4 minute read
WHO CARES?
Just a few reasons to really take notice of local elections
We’re going to write about something during the next two months in print and online that most of us care little about.
Local elections. Specifically city council elections.
How do I know we don’t care?
Generally, not much more than 20 percent of us decide it’s worth the trouble to vote in city council races. And heaven forbid there’s a council runoff election on a rainy day — then we’re looking at school board-election turnout numbers, with a few thousand voters making the decision.
We also know what happens when we write a story on our advocatemag.com daily news website about politics or education: Readers scroll on by.
Maybe a comparison would help: If we write about both a new neighborhood restaurant opening and a city council policy initiative on the same day, it’s likely that 10 or even 15 times the number of people will read the story about the restaurant.
Think about that: 10 times the readership for a story about food, while only a fraction of us care about the latest shenanigans at city hall, most of which cost us a lot of money.
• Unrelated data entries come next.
lemma powr_sum_le_card_mult_sum_powr:
  fixes c :: "'a \<Rightarrow> real" and p :: real
  assumes F: "finite F" and c: "\<And>i. i \<in> F \<Longrightarrow> c i \<ge> 0" and p: "p \<ge> 1"
  shows "(\<Sum>i\<in>F. c i) powr p \<le> real (card F) powr (p - 1) * (\<Sum>i\<in>F. c i powr p)"
proof (cases "F = {}")
  case True
  then show ?thesis by simp
next
  case False
  define k where "k = real (card F)"
  have k: "k > 0"
    using F False by (simp add: k_def card_gt_0_iff)
  have "(\<Sum>i\<in>F. (1 / k) *\<^sub>R c i) powr p \<le> (\<Sum>i\<in>F. (1 / k) * c i powr p)"
    by (rule convex_on_sum[OF F False powr_convex_nonneg[OF p]]) (use k c in \<open>auto simp: k_def\<close>)
  then have "(\<Sum>i\<in>F. c i) powr p / (k powr (p - 1) * k) \<le> (\<Sum>i\<in>F. c i powr p) / k"
    using k c by (simp add: powr_divide sum_nonneg powr_diff flip: sum_divide_distrib)
  then show ?thesis
    using k by (simp add: field_simps k_def[symmetric])
qed

definition excess :: "('a \<Rightarrow> real) \<Rightarrow> 'a set \<Rightarrow> real" where
  "excess a T = (if T = {} then 0 else sum a T - Max (a ` T))"

lemma excess_eq_sum_remove_max:
  assumes "finite T" "v \<in> T" "\<And>u. u \<in> T \<Longrightarrow> a u \<le> a v"
  shows "excess a T = sum a (T - {v})"
proof -
  have "Max (a ` T) = a v"
    using assms by (intro Max_eqI) auto
  then show ?thesis
    using assms by (auto simp: excess_def sum.remove)
qed

lemma excess_nonneg:
  assumes "finite T" "\<And>u. u \<in> T \<Longrightarrow> 0 \<le> a u"
  shows "0 \<le> excess a T"
proof (cases "T = {}")
  case False
  then have "Max (a ` T) \<in> a ` T"
    using assms(1) by simp
  then obtain v where "v \<in> T" "Max (a ` T) = a v"
    by blast
  moreover have "a v \<le> sum a T"
    using calculation assms by (intro member_le_sum) auto
  ultimately show ?thesis
    using False by (simp add: excess_def)
qed (simp add: excess_def)

lemma excess_diff_const:
  fixes a :: "'a \<Rightarrow> real"
  assumes "finite T"
  shows "excess (\<lambda>u. a u - c) T = excess a T - c * excess (\<lambda>_. 1) T"
proof (cases "T = {}")
  case False
  have "(\<lambda>u. a u - c) ` T = (\<lambda>y. y - c) ` a ` T"
    by auto
  moreover have "Max ((\<lambda>y. y - c) ` a ` T) = Max (a ` T) - c"
    by (rule mono_Max_commute[symmetric]) (use assms False in \<open>auto simp: mono_def\<close>)
  moreover have "(\<lambda>_. 1::real) ` T = {1}"
    using False by auto
  ultimately show ?thesis
    using False by (simp add: excess_def sum_subtractf algebra_simps)
qed (simp add: excess_def)

lemma excess_insert_zero:
  fixes a :: "'a \<Rightarrow> real"
  assumes T: "finite T" and w: "w \<notin> T" "a w = 0" and nonneg: "\<And>u. u \<in> T \<Longrightarrow> 0 \<le> a u"
  shows "excess a (insert w T) = excess a T"
proof (cases "T = {}")
  case False
  then have "Max (a ` T) \<in> a ` T"
    using T by simp
  then have "0 \<le> Max (a ` T)"
    using nonneg by auto
  then show ?thesis
    using T w False by (simp add: excess_def max_def)
qed (simp add: excess_def w)

lemma powr_abs_sum_le_card_bound:
  fixes c x :: "'a \<Rightarrow> real"
  assumes F: "finite F" and c: "\<And>u. u \<in> F \<Longrightarrow> \<bar>c u\<bar> \<le> 1" and k: "real (card F) \<le> k"
    and p: "p \<ge> 1"
  shows "\<bar>\<Sum>u\<in>F. c u * x u\<bar> powr p \<le> rpow k (p - 1) * (\<Sum>u\<in>F. \<bar>x u\<bar> powr p)"
proof (cases "F = {}")
  case True
  then show ?thesis by simp
next
  case False
  then have "k \<ge> 1"
    using F k card_gt_0_iff[of F] by linarith
  have "\<bar>\<Sum>u\<in>F. c u * x u\<bar> \<le> (\<Sum>u\<in>F. \<bar>x u\<bar>)"
    using sum_abs[of "\<lambda>u. c u * x u" F] c
      sum_mono[of F "\<lambda>u. \<bar>c u * x u\<bar>" "\<lambda>u. \<bar>x u\<bar>"]
    by (simp add: abs_mult mult_left_le_one_le)
  then have "\<bar>\<Sum>u\<in>F. c u * x u\<bar> powr p \<le> (\<Sum>u\<in>F. \<bar>x u\<bar>) powr p"
    using p by (intro powr_mono2) auto
  also have "\<dots> \<le> real (card F) powr (p - 1) * (\<Sum>u\<in>F. \<bar>x u\<bar> powr p)"
    using F p by (intro powr_sum_le_card_mult_sum_powr) auto
  also have "\<dots> \<le> k powr (p - 1) * (\<Sum>u\<in>F. \<bar>x u\<bar> powr p)"
    using F False k p by (intro mult_right_mono powr_mono2 sum_nonneg) (auto simp: card_gt_0_iff)
  finally show ?thesis
    using \<open>k \<ge> 1\<close> by (simp add: rpow_def)
qed

lemma sum_split_at_peak:
  fixes c x :: "'a \<Rightarrow> real"
  assumes T: "finite T" and c: "\<And>u. u \<in> T \<Longrightarrow> \<bar>c u\<bar> = 1" and s: "card T \<le> s" and p: "p \<ge> 1"
  defines "a \<equiv> \<lambda>u. \<bar>x u\<bar> powr p"
  obtains y z where "(\<Sum>u\<in>T. c u * x u) = y + z" "\<bar>y\<bar> powr p = sum a T - excess a T"
    "\<bar>z\<bar> powr p \<le> rpow (real s - 1) (p - 1) * excess a T"
proof (cases "T = {}")
  case True
  then show ?thesis
    using that[of 0 0] by (simp add: excess_def)
next
  case False
  then have "Max ((\<lambda>u. \<bar>x u\<bar>) ` T) \<in> (\<lambda>u. \<bar>x u\<bar>) ` T"
    using T by simp
  then obtain v where v: "v \<in> T" "Max ((\<lambda>u. \<bar>x u\<bar>) ` T) = \<bar>x v\<bar>"
    by blast
  then have "a u \<le> a v" if "u \<in> T" for u
    using that T p Max_ge[of "(\<lambda>u. \<bar>x u\<bar>) ` T" "\<bar>x u\<bar>"] by (auto simp: a_def intro!: powr_mono2)
  then have E: "excess a T = sum a (T - {v})"
    using excess_eq_sum_remove_max[OF T v(1)] by blast
  have split: "(\<Sum>u\<in>T. c u * x u) = c v * x v + (\<Sum>u\<in>T - {v}. c u * x u)"
    using T v(1) by (simp add: sum.remove)
  have "\<bar>c v * x v\<bar> powr p = sum a T - excess a T"
    using E T v(1) c[OF v(1)] by (simp add: a_def abs_mult sum.remove)
  moreover have "\<bar>\<Sum>u\<in>T - {v}. c u * x u\<bar> powr p \<le> rpow (real s - 1) (p - 1) * sum a (T - {v})"
  proof -
    have "real (card (T - {v})) \<le> real s - 1"
      using T v(1) s card_gt_0_iff[of T] by (auto simp: of_nat_diff)
    then show ?thesis
      unfolding a_def using T p c by (intro powr_abs_sum_le_card_bound) auto
  qed
  ultimately show ?thesis
    using that split E by auto
qed

lemma powr_abs_sum_le_peak:
  fixes c x :: "'a \<Rightarrow> real"
  assumes T: "finite T" "\<And>u. u \<in> T \<Longrightarrow> \<bar>c u\<bar> = 1" "card T \<le> s" "p \<ge> 1"
    and \<delta>: "0 < \<delta>" "\<delta> < 1"
  defines "a \<equiv> \<lambda>u. \<bar>x u\<bar> powr p"
  shows "\<bar>\<Sum>u\<in>T. c u * x u\<bar> powr p \<le> (sum a T - excess a T) / (1 - \<delta>) powr (p - 1)
           + rpow (real s - 1) (p - 1) * excess a T / \<delta> powr (p - 1)"
proof -
  obtain y z where yz: "(\<Sum>u\<in>T. c u * x u) = y + z" "\<bar>y\<bar> powr p = sum a T - excess a T"
    "\<bar>z\<bar> powr p \<le> rpow (real s - 1) (p - 1) * excess a T"
    using sum_split_at_peak[of T c s p x] T unfolding a_def by blast
  have "\<bar>y + z\<bar> powr p \<le> \<bar>y\<bar> powr p / (1 - \<delta>) powr (p - 1) + \<bar>z\<bar> powr p / \<delta> powr (p - 1)"
    using T(4) \<delta> by (intro powr_le_of_le_add) auto
  moreover have "\<bar>z\<bar> powr p / \<delta> powr (p - 1) \<le> rpow (real s - 1) (p - 1) * excess a T / \<delta> powr (p - 1)"
    using yz(3) \<delta> by (intro divide_right_mono) auto
  ultimately show ?thesis
    unfolding yz(1) yz(2)[symmetric] by linarith
qed

lemma powr_abs_sum_ge_peak:
  fixes c x :: "'a \<Rightarrow> real"
  assumes T: "finite T" "\<And>u. u \<in> T \<Longrightarrow> \<bar>c u\<bar> = 1" "card T \<le> s" "p \<ge> 1"
    and \<delta>: "0 < \<delta>"
  defines "a \<equiv> \<lambda>u. \<bar>x u\<bar> powr p"
  shows "\<bar>\<Sum>u\<in>T. c u * x u\<bar> powr p \<ge> (sum a T - excess a T) / (1 + \<delta>) powr (p - 1)
           - rpow (real s - 1) (p - 1) * excess a T / \<delta> powr (p - 1)"
proof -
  obtain y z where yz: "(\<Sum>u\<in>T. c u * x u) = y + z" "\<bar>y\<bar> powr p = sum a T - excess a T"
    "\<bar>z\<bar> powr p \<le> rpow (real s - 1) (p - 1) * excess a T"
    using sum_split_at_peak[of T c s p x] T unfolding a_def by blast
  have "\<bar>y + z\<bar> powr p \<ge> \<bar>y\<bar> powr p / (1 + \<delta>) powr (p - 1) - \<bar>z\<bar> powr p / \<delta> powr (p - 1)"
    using T(4) \<delta> by (intro powr_ge_of_le_add) auto
  moreover have "\<bar>z\<bar> powr p / \<delta> powr (p - 1) \<le> rpow (real s - 1) (p - 1) * excess a T / \<delta> powr (p - 1)"
    using yz(3) \<delta> by (intro divide_right_mono) auto
  ultimately show ?thesis
    unfolding yz(1) yz(2)[symmetric] by linarith
qed

definition row_support :: "(nat \<Rightarrow> nat \<Rightarrow> real) \<Rightarrow> nat set \<Rightarrow> nat \<Rightarrow> nat set" where
  "row_support A S r = {u \<in> S. A r u \<noteq> 0}"

text \<open>With unit weights, defect counts the colliding edges: those from S that are not the
  first edge from S at their right vertex.\<close>

definition defect :: "nat \<Rightarrow> (nat \<Rightarrow> nat \<Rightarrow> real) \<Rightarrow> (nat \<Rightarrow> real) \<Rightarrow> nat set \<Rightarrow> real" where
  "defect m A a S = (\<Sum>r<m. excess a (row_support A S r))"

lemma finite_row_support [simp]: "finite S \<Longrightarrow> finite (row_support A S r)"
  by (simp add: row_support_def)

lemma defect_nonneg:
  assumes "finite S" "\<And>u. u \<in> S \<Longrightarrow> 0 \<le> a u"
  shows "0 \<le> defect m A a S"
  unfolding defect_def using assms
  by (intro sum_nonneg excess_nonneg) (auto simp: row_support_def)

lemma defect_diff_const:
  assumes "finite S"
  shows "defect m A (\<lambda>u. a u - c) S = defect m A a S - c * defect m A (\<lambda>_. 1) S"
  unfolding defect_def sum_distrib_left sum_subtractf[symmetric]
  using assms by (intro sum.cong) (auto simp: excess_diff_const)

lemma defect_insert_zero:
  assumes S: "finite S" and w: "w \<notin> S" "a w = 0" and nonneg: "\<And>u. u \<in> S \<Longrightarrow> 0 \<le> a u"
  shows "defect m A a (insert w S) = defect m A a S"
  unfolding defect_def
proof (intro sum.cong refl)
  fix r
  show "excess a (row_support A (insert w S) r) = excess a (row_support A S r)"
  proof (cases "A r w = 0")
    case False
    then have "row_support A (insert w S) r = insert w (row_support A S r)"
      by (auto simp: row_support_def)
    moreover have "excess a (insert w (row_support A S r)) = excess a (row_support A S r)"
      by (rule excess_insert_zero) (use S w nonneg in \<open>auto simp: row_support_def\<close>)
    ultimately show ?thesis
      by simp
  qed (auto simp: row_support_def intro: arg_cong[where f = "excess a"])
qed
Just as an example, how many of us know the council will be handing about $270,000 of our tax dollars to six protestors because it voted to approve (with the exception of councilmen Griggs, Kingston, Davis and Medrano) an ordinance so illegal that a judge wrote a 62-page opinion ridiculing it?
How many of us know the Dallas Convention Center is angling for another $250 million or so in expansion money, even though it has tens of millions of dollars in outstanding debt from the last couple of expansions?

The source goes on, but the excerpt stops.